Lab 5 - Gene Prediction!

Introduction

Finding genes in a genome is not a trivial task. As we have seen in class, a signigficant level of sophistication is required to complete this task. In this laboratory, you will get the opportunity to work directly with genome files and implement a simple gene prediction algorithm. The performance of this algorithm will then be evaluated with the assumption that the output from GLIMMER3 is completely accurate.

As you will soon see, prokaryotic genomes can be treated as any other FASTA file. Since, you already have performed a conversion from FASTA to a Python string. It is therefore not difficult to regard a whole genome as a string.

Please use this MS-Word template to answer the questions for this assignment. Print your solution and submit a hard copy before the following lab.

Here is an overview of the lab:

floawchart.png

Designing an algorithm: Assumptions

This sounds like it should hurt, but it won't. Let's make a series of assumption on the structure of a gene:
  1. Genes are defined as ORFs.
    1. Begin with a ATG
    2. End with either TAA, TAG, TGA
    3. Both start and stop codon must be in the same frame.
    4. START codons are more rare in a random sequence than either STOP codons.
    5. Since there can be multiple ATG within a gene, the earliest in-frame ATG codon from a STOP codon is considered to be the real START codon.
  2. Randomly occuring ORFs are very short. 

Step 1 - Getting the Data

We'll work with the genome of Bacillus anthracis ames although any genome would work as well. For reference, the files below could be downloaded from the Bacillus anthracis ames folder on NCBI's FTP site.
  1. GLIMMER3 output
  2. Genome in FASTA format.
Save these text files in a new folder called "gene_prediction".

 

Step 2 - Finding ORFs!

I will assume that you saved the genome as NC_003997.fna.

The following code has already been created and saved as the file geneXtract.py.

Download this script and save it in the same "gene_prediction" folder.

Please read through the code and explanation described below. You should understand what each line of code is doing.

Set two application-wide variables:

maxGenomeLength = 50000
minGeneLength = 3 * 100

You will be able to change these experimental parameters later on, but they will do for now.

Read and clean the genome similarly to what was done in the previous lab.

myfile = open("NC_003997.fna")

# Skip the first line in the file (header info)
myfile.readline()

# Read-in a "chunk" of the genome.
genome = myfile.read( maxGenomeLength )

# Clean-up
genome = genome.replace("\n", "")

myfile.close()



Step 3 - The gene prediction algorithm

Here is a plain English description of what we are going to do:

Starting at the first base in the genome, find the position of the first START codon.
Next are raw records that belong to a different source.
lemma mackey_vec_tens_res_dl:
  assumes x: "x \<in> carrier L" and l: "l \<in> carrier L" and s: "s \<in> Kx x" and v: "v \<in> BV" and w: "w \<in> BW"
  shows "mackey_vec x l (tens_res x s (dl (v, w))) = smul (\<sigma> (act l (gprod x)) l s) (mackey_vec x (l \<otimes> s) (dl (v, w)))"
proof -
  define y where "y = inv x \<otimes> s \<otimes> x"
  have sV: "s \<in> V.Lg" and sc: "s \<in> carrier L" and yW: "y \<in> W.Lg"
    using s conj_mem_stab[OF x s] stab_closed unfolding y_def by auto
  have lx: "l \<otimes> x \<in> carrier L" and ls: "l \<otimes> s \<in> carrier L" using l x sc by auto
  have lxy: "l \<otimes> x \<otimes> y = l \<otimes> s \<otimes> x" using l x sc by (simp add: y_def L.m_assoc)
  have a: "\<rho>V s (dl v) \<in> fsp BV" and b: "\<rho>W y (dl w) \<in> fsp BW"
    using V.module_mem_fsp[OF sV] W.module_mem_fsp[OF yW] v w by auto
  have "mackey_vec x l (tens_res x s (dl (v, w))) = smul (\<tau> gi (act x gj) s * (\<sigma> (act x gj) s x / \<sigma> (act x gj) x y))
      (mackey_vec x l (vt (\<rho>V s (dl v)) (\<rho>W y (dl w))))"
    using tens_res_dl[OF x s, folded y_def] fsp_linear_smul[OF lin_fsp_linear[OF lin_mackey_vec[OF x l]] fsp_vt[OF a b]]
    by simp
  also have "\<dots> = smul (\<sigma> (act l (gprod x)) l s) (mackey_vec x (l \<otimes> s) (dl (v, w)))"
    using twisted_balancedD[OF V.twisted_balanced_ind_vec l sV fsp_dl[OF v]]
      twisted_balancedD[OF W.twisted_balanced_ind_vec lx yW fsp_dl[OF w]]
      mackey_scalar_balanced[OF x l s, folded y_def]
    by (simp add: mackey_vec_vt[OF x l a b] mackey_vec_dl[OF x ls v w] lxy
        vt_smul_left vt_smul_right smul_smul mult_ac)
  finally show ?thesis .
qed

lemma twisted_balanced_mackey_vec:
  assumes x: "x \<in> carrier L"
  shows "twisted_balanced (gprod x) (Kx x) BX (tens_res x) (mackey_vec x)"
  unfolding twisted_balanced_def
proof (intro ballI)
  fix l s and u :: "'b \<times> 'c \<Rightarrow> 'k" assume l: "l \<in> carrier L" and s: "s \<in> Kx x" and u: "u \<in> fsp BX"
  show "mackey_vec x l (tens_res x s u) = smul (\<sigma> (act l (gprod x)) l s) (mackey_vec x (l \<otimes> s) u)"
  proof (rule fsp_linear_eqI[OF _ _ _ u])
    show "fsp_linear BX (\<lambda>u. mackey_vec x l (tens_res x s u))"
      using lin_fsp_linear[OF lin_tens_res[OF x s]] lin_mem_fsp[OF lin_tens_res[OF x s]]
        lin_fsp_linear[OF lin_mackey_vec[OF x l]] by (rule fsp_linear_comp)
    show "fsp_linear BX (\<lambda>u. smul (\<sigma> (act l (gprod x)) l s) (mackey_vec x (l \<otimes> s) u))"
      unfolding mackey_vec_def by (intro fsp_linear_scale fsp_linear_linext)
  qed (auto simp: mackey_vec_tens_res_dl[OF x l s])
qed

abbreviation "\<rho>Ux x \<equiv> Ux G L act \<sigma> \<tau> gi gj \<rho>V \<rho>W x"
abbreviation "BUx x \<equiv> Ux_basis G L act gi gj BV BW x"
abbreviation "BIx x \<equiv> indH_basis L act (gprod x) (BUx x)"
abbreviation "\<rho>Ix x \<equiv> indH G L act \<sigma> (gprod x) (\<rho>Ux x)"
abbreviation "BR \<equiv> dsum_basis D BIx"
abbreviation "\<rho>R \<equiv> dsum D \<rho>Ix"

lemma D_closed: "x \<in> D \<Longrightarrow> x \<in> carrier L"
  using double_coset_reps by (auto simp: dcoset_reps_def)

lemma finite_D: "finite D"
  using double_coset_reps finite_L by (auto simp: dcoset_reps_def intro: finite_subset)

lemma Ux_eq: "\<rho>Ux x = indT L (Lx x) (Kx x) (\<sigma> (gprod x)) (tens_res x)"
  by (simp add: Ux_def Let_def)

lemma Ux_basis_eq: "BUx x = indT_basis L (Lx x) (Kx x) BX"
  by (simp add: Ux_basis_def Let_def)

lemma induction_in_stages_summand: "x \<in> carrier L \<Longrightarrow> induction_in_stages L G act \<sigma> \<tau> (gprod x) (Kx x) BX (tens_res x)"
  using gi_closed gj_closed stab_inter_subset[OF gi_closed, of "act x gj"]
  by (intro induction_in_stages.intro induction_in_stages_axioms.intro crossed_product_axioms
      nested_subgroups.intro nested_subgroups_axioms.intro L.is_group stab_subgroup
      L.subgroups_Inter_pair lin_tens_res) auto

definition block_map :: "'l \<Rightarrow> ('l \<times> 'l \<times> 'b \<times> 'c \<Rightarrow> 'k) \<Rightarrow> ('l \<times> 'b) \<times> ('l \<times> 'c) \<Rightarrow> 'k" where
  "block_map x = linext (\<lambda>(r, u). ind_family (gprod x) (mackey_vec x) r (dl u))"

definition mackey_map :: "('l \<times> 'l \<times> 'l \<times> 'b \<times> 'c \<Rightarrow> 'k) \<Rightarrow> ('l \<times> 'b) \<times> ('l \<times> 'c) \<Rightarrow> 'k" where
  "mackey_map v = (\<lambda>p. \<Sum>x\<in>D. block_map x (\<lambda>b. v (x, b)) p)"

lemma block_map_hom:
  assumes x: "x \<in> carrier L" and k: "k \<in> carrier G" and y: "y \<in> carrier L" and w: "w \<in> fsp (BIx x)"
  shows "block_map x (\<rho>Ix x k y w) = \<rho>M k y (block_map x w)"
proof -
  interpret S: induction_in_stages L G act \<sigma> \<tau> "gprod x" "Kx x" BX "tens_res x"
    by (rule induction_in_stages_summand[OF x])
  show ?thesis
    using S.indH_hom_ind_family[where \<Psi> = "mackey_vec x", OF lin_mackey_vec[OF x] fsp_linear_tensH H_covariant_mackey_vec[OF x]
        twisted_balanced_mackey_vec[OF x] k y] w
    by (simp add: block_map_def Ux_eq Ux_basis_eq)
qed

lemma block_map_mem_fsp:
  assumes x: "x \<in> carrier L" and w: "w \<in> fsp (BIx x)"
  shows "block_map x w \<in> fsp BM"
proof -
  interpret S: induction_in_stages L G act \<sigma> \<tau> "gprod x" "Kx x" BX "tens_res x"
    by (rule induction_in_stages_summand[OF x])
  have "ind_family (gprod x) (mackey_vec x) r (dl u) \<in> fsp BM" if "r \<in> S.U.R" "u \<in> S.BU" for r u
    using S.lin_ind_family[where \<Psi> = "mackey_vec x", OF lin_mackey_vec[OF x] S.U.T.ltrans_closed[OF that(1)]] that(2)
    by (simp add: lin_mem_fsp)
  then show ?thesis
    using w unfolding block_map_def by (intro linext_mem_fsp) (auto simp: Ux_basis_eq indH_basis_def)
qed

lemma fsp_linear_block_map: "fsp_linear B (block_map x)"
  unfolding block_map_def by (rule fsp_linear_linext)

lemma slice_mem_fsp:
  assumes v: "v \<in> fsp BR"
  shows "(\<lambda>b. v (x, b)) \<in> fsp (BIx x)"
proof -
  have "{b. v (x, b) \<noteq> 0} \<subseteq> snd ` {p. v p \<noteq> 0}" by force
  then have "finite {b. v (x, b) \<noteq> 0}" using v finite_subset by (auto simp: fsp_def)
  then show ?thesis using v by (auto simp: fsp_def dsum_basis_def)
qed

lemma fsp_linear_mackey_map: "fsp_linear BR mackey_map"
  unfolding mackey_map_def fsp_linear_def
  using fsp_linear_add[OF fsp_linear_block_map slice_mem_fsp slice_mem_fsp]
    fsp_linear_smul[OF fsp_linear_block_map slice_mem_fsp]
  by (auto simp: sum.distrib smul_def sum_distrib_left fun_eq_iff)

lemma mackey_map_mem_fsp: "v \<in> fsp BR \<Longrightarrow> mackey_map v \<in> fsp BM"
  unfolding mackey_map_def using finite_D D_closed by (intro fsp_sum block_map_mem_fsp slice_mem_fsp) auto
(* Let $P$ be an $r$-differential poset with rank sizes $p_n$. Suppose that (a) for every $n\ge1$ and every $1\le j\le n$ one has $\Delta p_n\ge \Delta p_{n-j-\delta_{r,1}}$, and (b) for every $n\ge 0$ the matrix $DU_n+tI\in\mathbb{Z}[t]^{p_n\times p_n}$ has a Smith form over $\mathbb{Z}[t]$. Then for every $n\ge0$ the cokernel of $U_n:\mathbb{Z}^{p_n}\to\mathbb{Z}^{p_{n+1}}$ is a free abelian group (equivalently, the Smith form of $U_n$ over $\mathbb{Z}$ has only zeroes and ones on its diagonal).
   Context: For a positive integer $r$, an $r$-differential poset is a graded poset with a minimum element, all of whose intervals and rank sets are finite, such that (D1) if an element covers exactly $m$ elements then it is covered by exactly $m+r$ elements, and (D2) if two distinct elements have exactly $m$ elements that they both cover, then exactly $m$ elements cover them both. $P_n$ is the set of elements of rank $n$, $p_n:=|P_n|$, $p_k:=0$ for $k<0$, $\Delta p_n:=p_n-p_{n-1}$, and $\delta_{r,1}$ is the Kronecker delta. The up map $U_n:\mathbb{Z}^{P_n}\to\mathbb{Z}^{P_{n+1}}$ sends each basis element $x$ to the sum of the elements covering $x$; the down map $D_n:\mathbb{Z}^{P_n}\to\mathbb{Z}^{P_{n-1}}$ sends $x$ to the sum of the elements covered by $x$; $DU_n:=D_{n+1}U_n$ as a $p_n\times p_n$ integer matrix. A matrix over a commutative ring $S$ is in Smith form if it is diagonal with diagonal entries $s_1,s_2,\dots$ satisfying $s_i\mid s_{i+1}$; it has a Smith form over $S$ if it becomes one after multiplication on the left and right by invertible matrices over $S$. *)

theory Defs
  imports "Jordan_Normal_Form.Matrix" "HOL-Computational_Algebra.Polynomial"
begin

text \<open>The poset is the whole carrier of a type of class order.\<close>

definition covers :: "'a::order \<Rightarrow> 'a \<Rightarrow> bool" where
  "covers y x \<longleftrightarrow> x < y \<and> \<not> (\<exists>z. x < z \<and> z < y)"

definition rank_set :: "('a \<Rightarrow> nat) \<Rightarrow> nat \<Rightarrow> 'a set" where
  "rank_set rk n = {x. rk x = n}"

definition graded_poset_min :: "('a::order \<Rightarrow> nat) \<Rightarrow> bool" where
  "graded_poset_min rk \<longleftrightarrow>
     (\<exists>m. (\<forall>x. m \<le> x) \<and> rk m = 0) \<and>
     (\<forall>x y::'a. finite {z. x \<le> z \<and> z \<le> y}) \<and>
     (\<forall>x y. covers y x \<longrightarrow> rk y = Suc (rk x)) \<and>
     (\<forall>n. finite (rank_set rk n))"

definition differential_poset :: "nat \<Rightarrow> ('a::order \<Rightarrow> nat) \<Rightarrow> bool" where
  "differential_poset r rk \<longleftrightarrow> r > 0 \<and> graded_poset_min rk \<and>
     (\<forall>x::'a. card {y. covers y x} = card {y. covers x y} + r) \<and>
     (\<forall>x y::'a. x \<noteq> y \<longrightarrow>
        card {z. covers z x \<and> covers z y} = card {z. covers x z \<and> covers y z})"

definition rank_size :: "('a \<Rightarrow> nat) \<Rightarrow> int \<Rightarrow> int" where
  "rank_size rk k = (if k < 0 then 0 else int (card (rank_set rk (nat k))))"

definition delta_p :: "('a \<Rightarrow> nat) \<Rightarrow> int \<Rightarrow> int" where
  "delta_p rk k = rank_size rk k - rank_size rk (k - 1)"

text \<open>A fixed enumeration of the rank set P_n (basis ordering of Z^{P_n}).\<close>
definition rank_enum :: "('a \<Rightarrow> nat) \<Rightarrow> nat \<Rightarrow> nat \<Rightarrow> 'a" where
  "rank_enum rk n = (SOME f. bij_betw f {..<card (rank_set rk n)} (rank_set rk n))"

definition U_mat :: "('a::order \<Rightarrow> nat) \<Rightarrow> nat \<Rightarrow> int mat" where
  "U_mat rk n = mat (card (rank_set rk (Suc n))) (card (rank_set rk n))
     (\<lambda>(i,j). if covers (rank_enum rk (Suc n) i) (rank_enum rk n j) then 1 else 0)"

text \<open>D_{n+1} : Z^{P_{n+1}} -> Z^{P_n}.\<close>
definition D_mat :: "('a::order \<Rightarrow> nat) \<Rightarrow> nat \<Rightarrow> int mat" where
  "D_mat rk n = mat (card (rank_set rk n)) (card (rank_set rk (Suc n)))
     (\<lambda>(i,j). if covers (rank_enum rk (Suc n) j) (rank_enum rk n i) then 1 else 0)"

definition DU_mat :: "('a::order \<Rightarrow> nat) \<Rightarrow> nat \<Rightarrow> int mat" where
  "DU_mat rk n = D_mat rk n * U_mat rk n"

definition in_Smith_form :: "'a::comm_ring_1 mat \<Rightarrow> bool" where
  "in_Smith_form A \<longleftrightarrow>
     (\<forall>i j. i < dim_row A \<and> j < dim_col A \<and> i \<noteq> j \<longrightarrow> A $$ (i,j) = 0) \<and>
     (\<forall>i. Suc i < min (dim_row A) (dim_col A) \<longrightarrow> A $$ (i,i) dvd A $$ (Suc i, Suc i))"

definition has_Smith_form :: "'a::comm_ring_1 mat \<Rightarrow> bool" where
  "has_Smith_form A \<longleftrightarrow> (\<exists>P Q. P \<in> carrier_mat (dim_row A) (dim_row A) \<and>
     Q \<in> carrier_mat (dim_col A) (dim_col A) \<and> invertible_mat P \<and> invertible_mat Q \<and>
     in_Smith_form (P * A * Q))"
Once a START codon is found, find the position of the first STOP codon that is in the same frame. If the length of the ORF is more than a defined minimum length, consider all nucleotides including and in-between the position of the first nucleotide in START and the last nuclotide in STOP to be a gene. Repeat from the end of this gene until the whole genome has been scanned.

It would be great if we could just type this in a Python file and make it happen. However, this description contains ambiguities that would prevent a computer from executing as desired. The second step of designing an algorithm is to break down this description into small steps which are indivually simple to implement using a real programming language.

lastSTOP = 0
start = 0
stop = 0

for as long as start is smaller than the length of the genome
SET start as the index of the next ATG after lastSTOP.
FIND the next in-frame STOP codon
SET stop as the index of the third base of the STOP codon

IF (stop - start) IS LARGER THAN mininim Gene length threshold
WRITE to an outfile a line in the same format as GLIMMER3
SET lastSTOP to STOP
OTHERWISE
resume SEARCH from lastSTOP + 1

This translates in Python as:

lastSTOP = 0
start = 0
stop = 0

while start != -1:
# Find the first ATG after lastSTOP
start = genome.find("ATG", lastSTOP)

# Find the first in-frame STOP codon
for i in range(start, len(genome), 3):
codon = genome[i:i+3]
if codon in ["TAA","TGA","TAG"]:
stop = i + 2
break

# Is the ORF long enough?
if stop - start >= minGeneLength:
print "{0}\t{1}\t{2}".format(start+1,stop+1,stop-start)
lastSTOP = stop + 1
else:
lastSTOP = start + 1

The most arcane lines are these using the .find() string method. This method returns -1 if no substring are found, this will explain why we want to run the algorithm for as long as start is NOT equal to -1. The find method also begins searching at the index provided as the second parameter. If no second parameter is provided, Python assumes that this value is 0: which is the beginning of the genome.

Make sure you understand the role of each line in the bigger picture. If in doubt, ask questions.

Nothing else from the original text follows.